In the data that follows, find the line with "using that k"; transcribe it, every later line up to the one with "using t by (intro", and that line as well, exactly and with no others.

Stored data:
:::
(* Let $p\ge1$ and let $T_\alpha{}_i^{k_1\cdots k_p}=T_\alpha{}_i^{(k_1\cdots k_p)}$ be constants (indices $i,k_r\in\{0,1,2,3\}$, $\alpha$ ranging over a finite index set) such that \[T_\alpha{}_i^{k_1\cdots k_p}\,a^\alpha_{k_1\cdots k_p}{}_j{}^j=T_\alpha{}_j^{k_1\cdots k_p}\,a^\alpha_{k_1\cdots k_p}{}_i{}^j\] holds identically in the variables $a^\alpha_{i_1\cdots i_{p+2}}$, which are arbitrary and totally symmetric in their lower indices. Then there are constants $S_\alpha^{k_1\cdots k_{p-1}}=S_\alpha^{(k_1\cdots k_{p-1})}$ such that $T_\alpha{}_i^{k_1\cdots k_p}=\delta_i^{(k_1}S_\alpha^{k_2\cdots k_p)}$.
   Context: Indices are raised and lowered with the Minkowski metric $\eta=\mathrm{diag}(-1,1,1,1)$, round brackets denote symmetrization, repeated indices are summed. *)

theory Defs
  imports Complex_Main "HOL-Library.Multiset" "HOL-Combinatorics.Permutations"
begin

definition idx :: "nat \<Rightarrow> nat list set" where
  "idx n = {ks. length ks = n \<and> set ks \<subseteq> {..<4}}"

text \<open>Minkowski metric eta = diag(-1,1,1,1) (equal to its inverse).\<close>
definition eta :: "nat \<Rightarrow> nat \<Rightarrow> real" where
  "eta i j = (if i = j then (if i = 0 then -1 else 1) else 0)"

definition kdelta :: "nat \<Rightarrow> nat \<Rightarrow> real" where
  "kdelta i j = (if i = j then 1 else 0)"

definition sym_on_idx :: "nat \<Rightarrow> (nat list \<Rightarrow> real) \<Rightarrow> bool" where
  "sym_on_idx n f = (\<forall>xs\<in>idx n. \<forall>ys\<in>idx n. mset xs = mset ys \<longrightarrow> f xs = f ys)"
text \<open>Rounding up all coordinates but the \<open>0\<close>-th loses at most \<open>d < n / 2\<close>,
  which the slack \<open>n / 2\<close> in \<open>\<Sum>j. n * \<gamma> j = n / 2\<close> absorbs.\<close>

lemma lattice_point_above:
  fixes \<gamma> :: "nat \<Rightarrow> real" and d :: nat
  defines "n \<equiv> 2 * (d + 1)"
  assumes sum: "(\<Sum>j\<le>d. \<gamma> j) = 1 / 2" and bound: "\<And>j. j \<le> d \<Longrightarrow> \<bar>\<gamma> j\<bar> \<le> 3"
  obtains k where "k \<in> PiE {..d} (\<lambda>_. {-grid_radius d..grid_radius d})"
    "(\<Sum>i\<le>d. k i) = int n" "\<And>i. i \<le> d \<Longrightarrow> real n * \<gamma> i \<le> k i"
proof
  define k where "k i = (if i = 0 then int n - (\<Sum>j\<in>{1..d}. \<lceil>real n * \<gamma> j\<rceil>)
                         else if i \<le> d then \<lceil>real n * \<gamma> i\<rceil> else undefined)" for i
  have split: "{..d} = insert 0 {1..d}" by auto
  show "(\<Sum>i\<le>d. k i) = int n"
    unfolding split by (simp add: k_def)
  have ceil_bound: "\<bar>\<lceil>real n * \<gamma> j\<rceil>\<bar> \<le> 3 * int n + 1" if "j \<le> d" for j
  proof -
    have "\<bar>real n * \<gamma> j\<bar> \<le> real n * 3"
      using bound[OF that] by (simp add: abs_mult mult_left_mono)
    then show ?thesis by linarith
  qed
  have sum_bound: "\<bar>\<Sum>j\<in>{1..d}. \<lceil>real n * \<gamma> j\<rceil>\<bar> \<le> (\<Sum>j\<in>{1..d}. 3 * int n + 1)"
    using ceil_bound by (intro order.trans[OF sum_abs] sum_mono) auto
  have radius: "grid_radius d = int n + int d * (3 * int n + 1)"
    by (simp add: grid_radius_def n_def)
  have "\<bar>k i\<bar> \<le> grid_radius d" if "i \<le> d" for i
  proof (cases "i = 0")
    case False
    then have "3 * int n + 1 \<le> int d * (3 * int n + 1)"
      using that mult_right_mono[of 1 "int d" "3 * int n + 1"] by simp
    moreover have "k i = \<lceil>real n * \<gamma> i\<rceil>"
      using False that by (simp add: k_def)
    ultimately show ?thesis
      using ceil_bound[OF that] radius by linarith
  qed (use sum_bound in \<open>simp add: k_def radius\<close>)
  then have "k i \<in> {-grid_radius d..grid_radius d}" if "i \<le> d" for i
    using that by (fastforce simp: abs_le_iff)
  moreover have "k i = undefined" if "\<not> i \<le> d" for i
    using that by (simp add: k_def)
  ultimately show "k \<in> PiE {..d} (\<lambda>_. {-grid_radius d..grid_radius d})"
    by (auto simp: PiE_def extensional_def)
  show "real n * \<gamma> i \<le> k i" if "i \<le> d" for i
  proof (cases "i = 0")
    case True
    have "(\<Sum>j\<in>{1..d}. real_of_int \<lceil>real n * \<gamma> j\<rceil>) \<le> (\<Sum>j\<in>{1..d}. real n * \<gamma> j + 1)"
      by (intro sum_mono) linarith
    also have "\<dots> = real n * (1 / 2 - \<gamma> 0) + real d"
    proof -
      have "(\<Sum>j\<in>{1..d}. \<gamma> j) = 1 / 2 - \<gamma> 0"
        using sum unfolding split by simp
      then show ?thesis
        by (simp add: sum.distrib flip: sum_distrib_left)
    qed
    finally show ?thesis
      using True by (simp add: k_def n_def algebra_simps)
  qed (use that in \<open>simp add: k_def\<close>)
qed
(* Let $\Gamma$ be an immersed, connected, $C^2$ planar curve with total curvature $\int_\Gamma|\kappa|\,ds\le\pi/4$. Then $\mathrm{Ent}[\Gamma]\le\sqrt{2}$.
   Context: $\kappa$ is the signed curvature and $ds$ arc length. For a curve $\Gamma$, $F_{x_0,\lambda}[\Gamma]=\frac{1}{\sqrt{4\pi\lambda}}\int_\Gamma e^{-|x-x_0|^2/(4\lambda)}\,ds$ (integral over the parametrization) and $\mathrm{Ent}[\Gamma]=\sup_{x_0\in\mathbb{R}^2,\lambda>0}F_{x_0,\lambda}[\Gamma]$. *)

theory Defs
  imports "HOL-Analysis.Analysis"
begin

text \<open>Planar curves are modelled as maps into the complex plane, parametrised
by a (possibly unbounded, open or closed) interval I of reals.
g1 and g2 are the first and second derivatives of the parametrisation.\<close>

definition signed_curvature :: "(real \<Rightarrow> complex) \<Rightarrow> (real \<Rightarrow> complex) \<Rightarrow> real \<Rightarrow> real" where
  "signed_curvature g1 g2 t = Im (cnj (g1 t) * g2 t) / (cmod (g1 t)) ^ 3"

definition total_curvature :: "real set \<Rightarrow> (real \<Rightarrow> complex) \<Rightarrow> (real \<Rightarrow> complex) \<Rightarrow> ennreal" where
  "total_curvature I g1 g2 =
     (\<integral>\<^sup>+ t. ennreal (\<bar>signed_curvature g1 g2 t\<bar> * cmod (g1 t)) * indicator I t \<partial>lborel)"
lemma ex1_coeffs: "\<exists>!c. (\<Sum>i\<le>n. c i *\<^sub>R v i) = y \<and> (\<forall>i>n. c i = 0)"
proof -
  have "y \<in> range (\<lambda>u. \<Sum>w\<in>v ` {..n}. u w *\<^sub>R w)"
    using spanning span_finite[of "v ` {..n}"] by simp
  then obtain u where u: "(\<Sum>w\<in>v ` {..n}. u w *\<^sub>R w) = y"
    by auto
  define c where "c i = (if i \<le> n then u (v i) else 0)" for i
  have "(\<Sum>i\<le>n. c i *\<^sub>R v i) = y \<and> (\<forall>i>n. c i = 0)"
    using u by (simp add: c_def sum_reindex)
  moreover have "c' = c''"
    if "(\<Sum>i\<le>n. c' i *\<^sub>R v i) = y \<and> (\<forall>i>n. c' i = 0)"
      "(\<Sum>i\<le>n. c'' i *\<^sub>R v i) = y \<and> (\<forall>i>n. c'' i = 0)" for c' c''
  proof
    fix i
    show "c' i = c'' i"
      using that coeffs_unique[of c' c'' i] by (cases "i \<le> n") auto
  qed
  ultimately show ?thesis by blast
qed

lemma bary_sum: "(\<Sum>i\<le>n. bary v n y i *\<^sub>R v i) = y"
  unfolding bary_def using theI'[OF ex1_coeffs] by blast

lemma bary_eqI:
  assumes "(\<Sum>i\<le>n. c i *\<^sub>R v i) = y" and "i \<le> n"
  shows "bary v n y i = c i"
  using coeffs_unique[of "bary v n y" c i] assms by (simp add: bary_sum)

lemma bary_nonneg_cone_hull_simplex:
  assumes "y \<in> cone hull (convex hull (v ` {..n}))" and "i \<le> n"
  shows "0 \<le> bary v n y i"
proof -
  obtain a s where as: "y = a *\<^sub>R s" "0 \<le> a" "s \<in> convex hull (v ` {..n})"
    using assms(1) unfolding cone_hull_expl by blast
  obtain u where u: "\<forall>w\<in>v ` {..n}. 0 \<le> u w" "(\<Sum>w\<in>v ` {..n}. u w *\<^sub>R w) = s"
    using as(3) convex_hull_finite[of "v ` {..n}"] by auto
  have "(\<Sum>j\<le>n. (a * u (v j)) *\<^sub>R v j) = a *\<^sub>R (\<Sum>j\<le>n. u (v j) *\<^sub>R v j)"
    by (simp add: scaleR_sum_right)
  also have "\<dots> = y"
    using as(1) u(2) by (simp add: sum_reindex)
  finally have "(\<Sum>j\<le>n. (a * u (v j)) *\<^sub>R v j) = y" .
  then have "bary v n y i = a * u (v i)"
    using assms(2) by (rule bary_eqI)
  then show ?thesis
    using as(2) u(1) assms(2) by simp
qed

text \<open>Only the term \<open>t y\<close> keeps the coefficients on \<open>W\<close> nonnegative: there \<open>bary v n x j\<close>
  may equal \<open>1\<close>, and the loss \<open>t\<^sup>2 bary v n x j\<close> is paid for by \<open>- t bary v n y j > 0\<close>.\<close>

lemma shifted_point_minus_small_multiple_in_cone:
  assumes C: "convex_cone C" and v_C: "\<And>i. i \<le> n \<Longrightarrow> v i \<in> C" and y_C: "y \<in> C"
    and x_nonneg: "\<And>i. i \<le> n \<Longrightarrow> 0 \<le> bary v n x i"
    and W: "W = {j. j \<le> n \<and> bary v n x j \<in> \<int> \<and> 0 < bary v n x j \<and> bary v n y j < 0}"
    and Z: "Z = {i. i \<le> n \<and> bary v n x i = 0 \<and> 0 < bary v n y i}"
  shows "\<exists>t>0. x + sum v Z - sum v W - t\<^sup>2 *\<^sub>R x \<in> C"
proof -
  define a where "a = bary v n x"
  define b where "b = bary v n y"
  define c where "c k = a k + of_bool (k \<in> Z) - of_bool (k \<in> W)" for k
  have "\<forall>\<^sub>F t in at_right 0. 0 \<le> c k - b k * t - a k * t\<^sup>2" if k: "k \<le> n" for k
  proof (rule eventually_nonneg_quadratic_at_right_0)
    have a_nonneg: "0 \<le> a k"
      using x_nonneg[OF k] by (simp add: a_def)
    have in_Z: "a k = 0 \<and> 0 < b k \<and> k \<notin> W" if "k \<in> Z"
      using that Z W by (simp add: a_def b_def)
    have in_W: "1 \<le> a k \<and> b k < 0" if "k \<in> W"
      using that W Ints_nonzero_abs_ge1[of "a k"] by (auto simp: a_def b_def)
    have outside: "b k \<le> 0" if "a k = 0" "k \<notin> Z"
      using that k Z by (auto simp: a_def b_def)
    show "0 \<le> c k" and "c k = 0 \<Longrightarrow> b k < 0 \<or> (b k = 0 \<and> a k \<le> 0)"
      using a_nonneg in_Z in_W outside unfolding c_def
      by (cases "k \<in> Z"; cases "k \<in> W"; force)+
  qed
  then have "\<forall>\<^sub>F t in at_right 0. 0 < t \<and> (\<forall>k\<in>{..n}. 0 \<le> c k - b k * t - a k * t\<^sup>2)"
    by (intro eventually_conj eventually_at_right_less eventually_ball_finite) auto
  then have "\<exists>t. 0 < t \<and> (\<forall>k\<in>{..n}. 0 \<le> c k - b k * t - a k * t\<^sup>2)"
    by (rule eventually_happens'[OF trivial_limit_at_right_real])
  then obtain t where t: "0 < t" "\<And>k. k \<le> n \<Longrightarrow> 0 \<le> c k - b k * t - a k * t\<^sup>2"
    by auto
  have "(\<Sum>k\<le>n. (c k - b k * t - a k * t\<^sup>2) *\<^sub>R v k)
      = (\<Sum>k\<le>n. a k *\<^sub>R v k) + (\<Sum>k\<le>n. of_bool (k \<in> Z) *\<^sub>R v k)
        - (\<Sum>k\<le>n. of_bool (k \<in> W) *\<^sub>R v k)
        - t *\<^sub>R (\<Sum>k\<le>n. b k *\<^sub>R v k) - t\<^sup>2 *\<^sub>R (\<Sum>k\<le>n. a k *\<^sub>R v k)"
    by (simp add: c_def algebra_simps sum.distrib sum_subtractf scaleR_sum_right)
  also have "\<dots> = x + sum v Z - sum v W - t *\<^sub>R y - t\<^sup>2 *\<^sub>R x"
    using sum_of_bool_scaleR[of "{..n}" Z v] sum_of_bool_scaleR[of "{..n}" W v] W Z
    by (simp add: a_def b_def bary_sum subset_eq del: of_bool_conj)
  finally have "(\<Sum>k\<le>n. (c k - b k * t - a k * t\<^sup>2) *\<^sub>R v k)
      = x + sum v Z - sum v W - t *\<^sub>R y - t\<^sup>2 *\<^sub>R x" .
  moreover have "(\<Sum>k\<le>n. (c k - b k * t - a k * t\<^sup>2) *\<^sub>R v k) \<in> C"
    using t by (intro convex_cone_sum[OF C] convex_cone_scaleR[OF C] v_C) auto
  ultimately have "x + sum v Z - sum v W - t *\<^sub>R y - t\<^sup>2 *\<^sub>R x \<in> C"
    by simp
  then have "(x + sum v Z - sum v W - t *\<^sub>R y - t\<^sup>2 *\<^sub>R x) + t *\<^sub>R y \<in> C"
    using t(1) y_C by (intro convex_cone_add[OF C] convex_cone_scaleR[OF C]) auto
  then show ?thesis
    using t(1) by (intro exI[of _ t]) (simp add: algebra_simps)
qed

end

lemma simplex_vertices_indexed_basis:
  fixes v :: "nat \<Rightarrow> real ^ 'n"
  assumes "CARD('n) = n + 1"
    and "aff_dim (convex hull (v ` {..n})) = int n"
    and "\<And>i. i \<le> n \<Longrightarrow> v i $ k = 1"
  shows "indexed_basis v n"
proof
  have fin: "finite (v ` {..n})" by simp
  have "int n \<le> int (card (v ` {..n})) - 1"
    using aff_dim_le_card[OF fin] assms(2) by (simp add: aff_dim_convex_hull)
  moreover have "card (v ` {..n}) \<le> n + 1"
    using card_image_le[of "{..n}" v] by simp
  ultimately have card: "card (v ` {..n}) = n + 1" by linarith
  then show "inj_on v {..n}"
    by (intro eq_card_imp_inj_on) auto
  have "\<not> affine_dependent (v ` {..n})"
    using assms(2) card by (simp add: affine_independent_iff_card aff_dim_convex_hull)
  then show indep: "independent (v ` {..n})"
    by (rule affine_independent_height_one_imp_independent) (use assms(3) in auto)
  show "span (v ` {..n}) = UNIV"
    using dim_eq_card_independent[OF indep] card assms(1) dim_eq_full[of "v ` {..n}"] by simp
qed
:::
RESPONSE TO THE TASK:
      using that k Z by (auto simp: a_def b_def)
    show "0 \<le> c k" and "c k = 0 \<Longrightarrow> b k < 0 \<or> (b k = 0 \<and> a k \<le> 0)"
      using a_nonneg in_Z in_W outside unfolding c_def
      by (cases "k \<in> Z"; cases "k \<in> W"; force)+
  qed
  then have "\<forall>\<^sub>F t in at_right 0. 0 < t \<and> (\<forall>k\<in>{..n}. 0 \<le> c k - b k * t - a k * t\<^sup>2)"
    by (intro eventually_conj eventually_at_right_less eventually_ball_finite) auto
  then have "\<exists>t. 0 < t \<and> (\<forall>k\<in>{..n}. 0 \<le> c k - b k * t - a k * t\<^sup>2)"
    by (rule eventually_happens'[OF trivial_limit_at_right_real])
  then obtain t where t: "0 < t" "\<And>k. k \<le> n \<Longrightarrow> 0 \<le> c k - b k * t - a k * t\<^sup>2"
    by auto
  have "(\<Sum>k\<le>n. (c k - b k * t - a k * t\<^sup>2) *\<^sub>R v k)
      = (\<Sum>k\<le>n. a k *\<^sub>R v k) + (\<Sum>k\<le>n. of_bool (k \<in> Z) *\<^sub>R v k)
        - (\<Sum>k\<le>n. of_bool (k \<in> W) *\<^sub>R v k)
        - t *\<^sub>R (\<Sum>k\<le>n. b k *\<^sub>R v k) - t\<^sup>2 *\<^sub>R (\<Sum>k\<le>n. a k *\<^sub>R v k)"
    by (simp add: c_def algebra_simps sum.distrib sum_subtractf scaleR_sum_right)
  also have "\<dots> = x + sum v Z - sum v W - t *\<^sub>R y - t\<^sup>2 *\<^sub>R x"
    using sum_of_bool_scaleR[of "{..n}" Z v] sum_of_bool_scaleR[of "{..n}" W v] W Z
    by (simp add: a_def b_def bary_sum subset_eq del: of_bool_conj)
  finally have "(\<Sum>k\<le>n. (c k - b k * t - a k * t\<^sup>2) *\<^sub>R v k)
      = x + sum v Z - sum v W - t *\<^sub>R y - t\<^sup>2 *\<^sub>R x" .
  moreover have "(\<Sum>k\<le>n. (c k - b k * t - a k * t\<^sup>2) *\<^sub>R v k) \<in> C"
    using t by (intro convex_cone_sum[OF C] convex_cone_scaleR[OF C] v_C) auto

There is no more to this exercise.